Stored entries:

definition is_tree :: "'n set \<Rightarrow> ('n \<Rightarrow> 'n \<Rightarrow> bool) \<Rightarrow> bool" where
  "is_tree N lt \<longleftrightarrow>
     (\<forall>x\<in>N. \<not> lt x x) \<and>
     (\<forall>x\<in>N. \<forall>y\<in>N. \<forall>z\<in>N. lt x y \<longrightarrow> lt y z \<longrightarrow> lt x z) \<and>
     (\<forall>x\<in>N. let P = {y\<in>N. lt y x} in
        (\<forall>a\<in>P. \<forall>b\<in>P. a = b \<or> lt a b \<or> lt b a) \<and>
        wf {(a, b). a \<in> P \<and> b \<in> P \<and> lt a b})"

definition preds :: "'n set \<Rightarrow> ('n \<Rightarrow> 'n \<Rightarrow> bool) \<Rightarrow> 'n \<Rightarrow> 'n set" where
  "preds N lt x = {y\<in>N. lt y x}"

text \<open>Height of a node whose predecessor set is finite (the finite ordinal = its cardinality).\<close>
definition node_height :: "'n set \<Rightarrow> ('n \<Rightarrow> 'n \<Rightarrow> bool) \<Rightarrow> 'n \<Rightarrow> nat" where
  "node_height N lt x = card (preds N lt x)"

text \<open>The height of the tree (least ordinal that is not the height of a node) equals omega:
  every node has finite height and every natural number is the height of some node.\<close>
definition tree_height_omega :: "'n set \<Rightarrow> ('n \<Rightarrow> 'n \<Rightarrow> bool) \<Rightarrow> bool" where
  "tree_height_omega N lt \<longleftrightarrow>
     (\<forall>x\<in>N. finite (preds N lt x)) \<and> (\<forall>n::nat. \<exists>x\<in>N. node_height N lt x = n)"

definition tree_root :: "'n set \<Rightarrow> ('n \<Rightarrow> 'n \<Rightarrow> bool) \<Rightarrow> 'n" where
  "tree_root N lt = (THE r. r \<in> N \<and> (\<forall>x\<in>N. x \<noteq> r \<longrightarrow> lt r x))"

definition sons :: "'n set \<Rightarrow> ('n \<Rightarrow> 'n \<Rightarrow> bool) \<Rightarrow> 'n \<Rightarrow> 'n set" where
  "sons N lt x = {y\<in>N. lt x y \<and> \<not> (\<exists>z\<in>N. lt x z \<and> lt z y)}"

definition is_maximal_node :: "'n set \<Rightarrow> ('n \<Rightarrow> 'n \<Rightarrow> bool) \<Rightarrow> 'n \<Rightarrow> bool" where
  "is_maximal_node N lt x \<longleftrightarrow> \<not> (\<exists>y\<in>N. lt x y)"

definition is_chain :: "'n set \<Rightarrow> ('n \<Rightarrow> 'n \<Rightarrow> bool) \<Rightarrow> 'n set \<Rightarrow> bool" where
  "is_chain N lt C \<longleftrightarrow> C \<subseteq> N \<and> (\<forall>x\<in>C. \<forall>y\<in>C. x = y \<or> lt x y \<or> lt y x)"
==
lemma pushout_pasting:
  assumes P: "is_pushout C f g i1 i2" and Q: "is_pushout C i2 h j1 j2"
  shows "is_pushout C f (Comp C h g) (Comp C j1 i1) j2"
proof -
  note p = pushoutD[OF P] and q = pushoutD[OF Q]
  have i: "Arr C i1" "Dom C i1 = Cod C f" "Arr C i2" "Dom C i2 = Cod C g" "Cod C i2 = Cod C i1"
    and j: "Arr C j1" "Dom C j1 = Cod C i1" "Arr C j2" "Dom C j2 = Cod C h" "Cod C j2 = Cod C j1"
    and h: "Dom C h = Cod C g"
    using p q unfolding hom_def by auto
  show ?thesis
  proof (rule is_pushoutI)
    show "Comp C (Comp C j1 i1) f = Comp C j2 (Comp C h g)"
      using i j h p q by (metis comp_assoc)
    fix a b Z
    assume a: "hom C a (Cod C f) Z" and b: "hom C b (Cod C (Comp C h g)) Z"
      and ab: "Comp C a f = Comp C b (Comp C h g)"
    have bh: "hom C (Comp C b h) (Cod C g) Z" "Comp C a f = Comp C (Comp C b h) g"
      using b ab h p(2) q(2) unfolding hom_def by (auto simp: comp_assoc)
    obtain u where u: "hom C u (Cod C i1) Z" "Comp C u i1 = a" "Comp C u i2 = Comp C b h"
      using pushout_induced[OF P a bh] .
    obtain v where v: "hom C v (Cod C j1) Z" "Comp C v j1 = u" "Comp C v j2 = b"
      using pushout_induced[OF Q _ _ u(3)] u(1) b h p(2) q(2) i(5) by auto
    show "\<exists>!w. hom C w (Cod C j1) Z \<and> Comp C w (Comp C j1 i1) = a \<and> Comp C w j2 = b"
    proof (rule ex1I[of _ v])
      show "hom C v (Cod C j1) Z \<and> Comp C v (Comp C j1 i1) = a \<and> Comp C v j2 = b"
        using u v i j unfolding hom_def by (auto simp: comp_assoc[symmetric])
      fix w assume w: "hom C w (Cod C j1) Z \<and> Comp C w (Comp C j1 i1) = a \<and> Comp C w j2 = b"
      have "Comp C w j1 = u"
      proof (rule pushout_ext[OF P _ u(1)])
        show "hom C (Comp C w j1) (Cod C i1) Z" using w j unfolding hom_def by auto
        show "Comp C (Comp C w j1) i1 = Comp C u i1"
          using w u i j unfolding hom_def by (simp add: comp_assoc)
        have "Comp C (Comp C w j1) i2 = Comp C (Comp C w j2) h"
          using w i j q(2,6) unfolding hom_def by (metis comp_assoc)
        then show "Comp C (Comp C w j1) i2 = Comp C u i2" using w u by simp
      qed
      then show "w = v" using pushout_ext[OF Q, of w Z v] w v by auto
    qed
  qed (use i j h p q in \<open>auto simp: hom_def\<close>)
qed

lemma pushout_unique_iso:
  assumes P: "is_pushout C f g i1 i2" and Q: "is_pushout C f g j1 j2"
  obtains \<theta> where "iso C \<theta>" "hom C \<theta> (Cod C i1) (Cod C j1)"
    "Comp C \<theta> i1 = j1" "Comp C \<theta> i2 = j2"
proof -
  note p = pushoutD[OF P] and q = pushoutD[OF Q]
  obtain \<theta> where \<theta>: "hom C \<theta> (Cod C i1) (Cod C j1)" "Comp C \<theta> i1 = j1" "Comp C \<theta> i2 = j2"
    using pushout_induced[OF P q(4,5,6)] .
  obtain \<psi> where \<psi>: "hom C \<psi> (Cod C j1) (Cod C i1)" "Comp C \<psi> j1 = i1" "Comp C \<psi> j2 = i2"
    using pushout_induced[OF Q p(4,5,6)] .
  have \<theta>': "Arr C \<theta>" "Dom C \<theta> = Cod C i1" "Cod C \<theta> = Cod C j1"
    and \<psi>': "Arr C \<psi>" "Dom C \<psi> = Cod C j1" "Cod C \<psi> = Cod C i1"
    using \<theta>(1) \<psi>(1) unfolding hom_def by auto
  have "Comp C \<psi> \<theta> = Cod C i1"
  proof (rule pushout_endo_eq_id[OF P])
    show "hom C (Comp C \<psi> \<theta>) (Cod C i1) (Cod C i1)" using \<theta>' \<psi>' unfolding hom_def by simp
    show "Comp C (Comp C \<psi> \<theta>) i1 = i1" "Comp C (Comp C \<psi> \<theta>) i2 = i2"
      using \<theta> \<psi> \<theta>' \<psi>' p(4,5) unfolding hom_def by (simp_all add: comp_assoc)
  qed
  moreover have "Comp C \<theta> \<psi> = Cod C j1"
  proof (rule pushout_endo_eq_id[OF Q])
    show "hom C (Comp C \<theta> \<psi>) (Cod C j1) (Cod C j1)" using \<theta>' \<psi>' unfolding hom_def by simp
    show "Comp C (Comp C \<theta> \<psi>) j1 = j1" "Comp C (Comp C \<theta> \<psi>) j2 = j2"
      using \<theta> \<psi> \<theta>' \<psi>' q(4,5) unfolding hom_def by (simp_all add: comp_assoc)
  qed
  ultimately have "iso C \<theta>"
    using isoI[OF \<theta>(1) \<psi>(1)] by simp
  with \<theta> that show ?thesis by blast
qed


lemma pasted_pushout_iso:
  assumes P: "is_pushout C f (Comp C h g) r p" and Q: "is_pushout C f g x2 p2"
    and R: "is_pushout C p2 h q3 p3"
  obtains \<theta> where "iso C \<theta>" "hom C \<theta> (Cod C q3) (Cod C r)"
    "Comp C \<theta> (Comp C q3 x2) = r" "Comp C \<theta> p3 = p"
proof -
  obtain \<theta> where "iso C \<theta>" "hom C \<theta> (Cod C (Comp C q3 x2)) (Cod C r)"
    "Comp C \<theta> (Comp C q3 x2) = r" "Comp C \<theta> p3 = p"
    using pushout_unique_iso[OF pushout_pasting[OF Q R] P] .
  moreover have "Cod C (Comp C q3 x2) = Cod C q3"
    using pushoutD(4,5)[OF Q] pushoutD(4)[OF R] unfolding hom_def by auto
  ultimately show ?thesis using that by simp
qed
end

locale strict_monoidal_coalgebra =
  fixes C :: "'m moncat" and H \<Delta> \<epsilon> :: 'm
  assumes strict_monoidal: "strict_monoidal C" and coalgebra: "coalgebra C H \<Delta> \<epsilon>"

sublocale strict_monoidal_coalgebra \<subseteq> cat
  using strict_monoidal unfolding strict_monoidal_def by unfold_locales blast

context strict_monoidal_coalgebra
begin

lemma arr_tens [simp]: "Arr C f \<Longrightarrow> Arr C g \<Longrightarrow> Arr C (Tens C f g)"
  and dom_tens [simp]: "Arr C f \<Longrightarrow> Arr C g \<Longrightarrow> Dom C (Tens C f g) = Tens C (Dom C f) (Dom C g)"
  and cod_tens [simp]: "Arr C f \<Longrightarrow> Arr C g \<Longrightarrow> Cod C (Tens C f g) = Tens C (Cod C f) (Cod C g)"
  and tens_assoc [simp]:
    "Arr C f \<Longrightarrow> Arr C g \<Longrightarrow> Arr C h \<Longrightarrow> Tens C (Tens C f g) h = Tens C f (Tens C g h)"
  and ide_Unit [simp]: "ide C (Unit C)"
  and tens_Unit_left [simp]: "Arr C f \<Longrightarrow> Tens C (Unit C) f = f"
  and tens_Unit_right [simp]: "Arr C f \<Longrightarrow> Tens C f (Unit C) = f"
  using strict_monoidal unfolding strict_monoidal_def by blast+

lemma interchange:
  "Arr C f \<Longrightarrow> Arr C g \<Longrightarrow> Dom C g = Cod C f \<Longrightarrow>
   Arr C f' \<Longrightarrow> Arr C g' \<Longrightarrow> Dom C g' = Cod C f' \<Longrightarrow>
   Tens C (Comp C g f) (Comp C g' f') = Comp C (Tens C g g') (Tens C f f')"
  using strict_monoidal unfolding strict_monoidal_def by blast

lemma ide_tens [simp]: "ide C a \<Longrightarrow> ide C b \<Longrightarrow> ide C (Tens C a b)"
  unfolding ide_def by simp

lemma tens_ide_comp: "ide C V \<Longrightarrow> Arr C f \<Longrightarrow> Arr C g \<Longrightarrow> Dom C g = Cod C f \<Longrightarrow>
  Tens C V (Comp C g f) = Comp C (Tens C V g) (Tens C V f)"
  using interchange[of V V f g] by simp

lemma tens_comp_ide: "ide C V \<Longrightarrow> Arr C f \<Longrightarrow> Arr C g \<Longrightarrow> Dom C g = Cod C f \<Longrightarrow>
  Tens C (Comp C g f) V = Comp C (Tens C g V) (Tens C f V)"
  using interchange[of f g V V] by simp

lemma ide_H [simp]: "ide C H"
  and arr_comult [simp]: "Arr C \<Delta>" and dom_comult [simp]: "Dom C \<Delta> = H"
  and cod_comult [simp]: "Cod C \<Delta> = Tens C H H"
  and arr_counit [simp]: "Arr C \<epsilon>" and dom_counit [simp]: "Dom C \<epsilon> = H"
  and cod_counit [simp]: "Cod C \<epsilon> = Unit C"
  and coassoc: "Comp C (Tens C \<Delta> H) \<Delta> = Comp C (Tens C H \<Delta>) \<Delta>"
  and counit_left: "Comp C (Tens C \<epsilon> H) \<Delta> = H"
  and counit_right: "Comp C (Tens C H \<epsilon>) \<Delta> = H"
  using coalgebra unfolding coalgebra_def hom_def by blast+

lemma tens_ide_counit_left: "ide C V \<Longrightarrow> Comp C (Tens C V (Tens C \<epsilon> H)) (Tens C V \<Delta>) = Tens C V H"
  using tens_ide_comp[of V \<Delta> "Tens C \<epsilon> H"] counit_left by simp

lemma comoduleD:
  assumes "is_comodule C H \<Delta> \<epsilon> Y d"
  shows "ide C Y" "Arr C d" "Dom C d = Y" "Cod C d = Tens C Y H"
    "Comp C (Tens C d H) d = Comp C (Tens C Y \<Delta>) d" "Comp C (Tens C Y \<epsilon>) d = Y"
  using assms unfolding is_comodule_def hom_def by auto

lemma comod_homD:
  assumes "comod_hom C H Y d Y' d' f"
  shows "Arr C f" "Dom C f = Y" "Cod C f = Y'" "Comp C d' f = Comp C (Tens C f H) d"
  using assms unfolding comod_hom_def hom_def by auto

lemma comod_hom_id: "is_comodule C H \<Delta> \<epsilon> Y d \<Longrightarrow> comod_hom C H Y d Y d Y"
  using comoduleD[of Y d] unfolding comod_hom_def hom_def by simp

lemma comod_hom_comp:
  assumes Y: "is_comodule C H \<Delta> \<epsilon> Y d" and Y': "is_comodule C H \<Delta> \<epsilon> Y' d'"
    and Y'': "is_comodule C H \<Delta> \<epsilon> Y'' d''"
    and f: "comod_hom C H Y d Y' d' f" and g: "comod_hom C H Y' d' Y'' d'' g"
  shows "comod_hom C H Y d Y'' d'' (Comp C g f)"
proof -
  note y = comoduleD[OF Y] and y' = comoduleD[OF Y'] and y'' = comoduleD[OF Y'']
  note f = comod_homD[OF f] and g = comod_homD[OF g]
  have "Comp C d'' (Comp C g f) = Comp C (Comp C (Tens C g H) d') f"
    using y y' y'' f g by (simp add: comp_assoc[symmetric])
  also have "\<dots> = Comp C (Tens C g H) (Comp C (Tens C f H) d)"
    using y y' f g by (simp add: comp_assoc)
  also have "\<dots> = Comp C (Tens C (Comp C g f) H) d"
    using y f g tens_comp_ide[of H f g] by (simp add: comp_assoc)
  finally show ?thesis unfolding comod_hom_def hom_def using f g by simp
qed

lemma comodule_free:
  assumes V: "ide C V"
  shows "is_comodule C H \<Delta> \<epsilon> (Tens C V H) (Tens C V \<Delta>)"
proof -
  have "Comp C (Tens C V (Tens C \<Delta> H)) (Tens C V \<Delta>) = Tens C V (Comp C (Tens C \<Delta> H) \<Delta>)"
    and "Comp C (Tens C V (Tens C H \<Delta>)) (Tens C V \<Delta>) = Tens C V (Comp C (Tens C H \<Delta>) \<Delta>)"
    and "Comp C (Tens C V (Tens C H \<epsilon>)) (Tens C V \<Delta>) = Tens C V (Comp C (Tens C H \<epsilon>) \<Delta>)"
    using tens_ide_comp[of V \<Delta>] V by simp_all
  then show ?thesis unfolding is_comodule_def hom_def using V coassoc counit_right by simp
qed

■ EXERCISE GOAL
Copy all lines from the data that hold the word "also".

■ COMPLETED TASK
  also have "\<dots> = Comp C (Tens C g H) (Comp C (Tens C f H) d)"
  also have "\<dots> = Comp C (Tens C (Comp C g f) H) d"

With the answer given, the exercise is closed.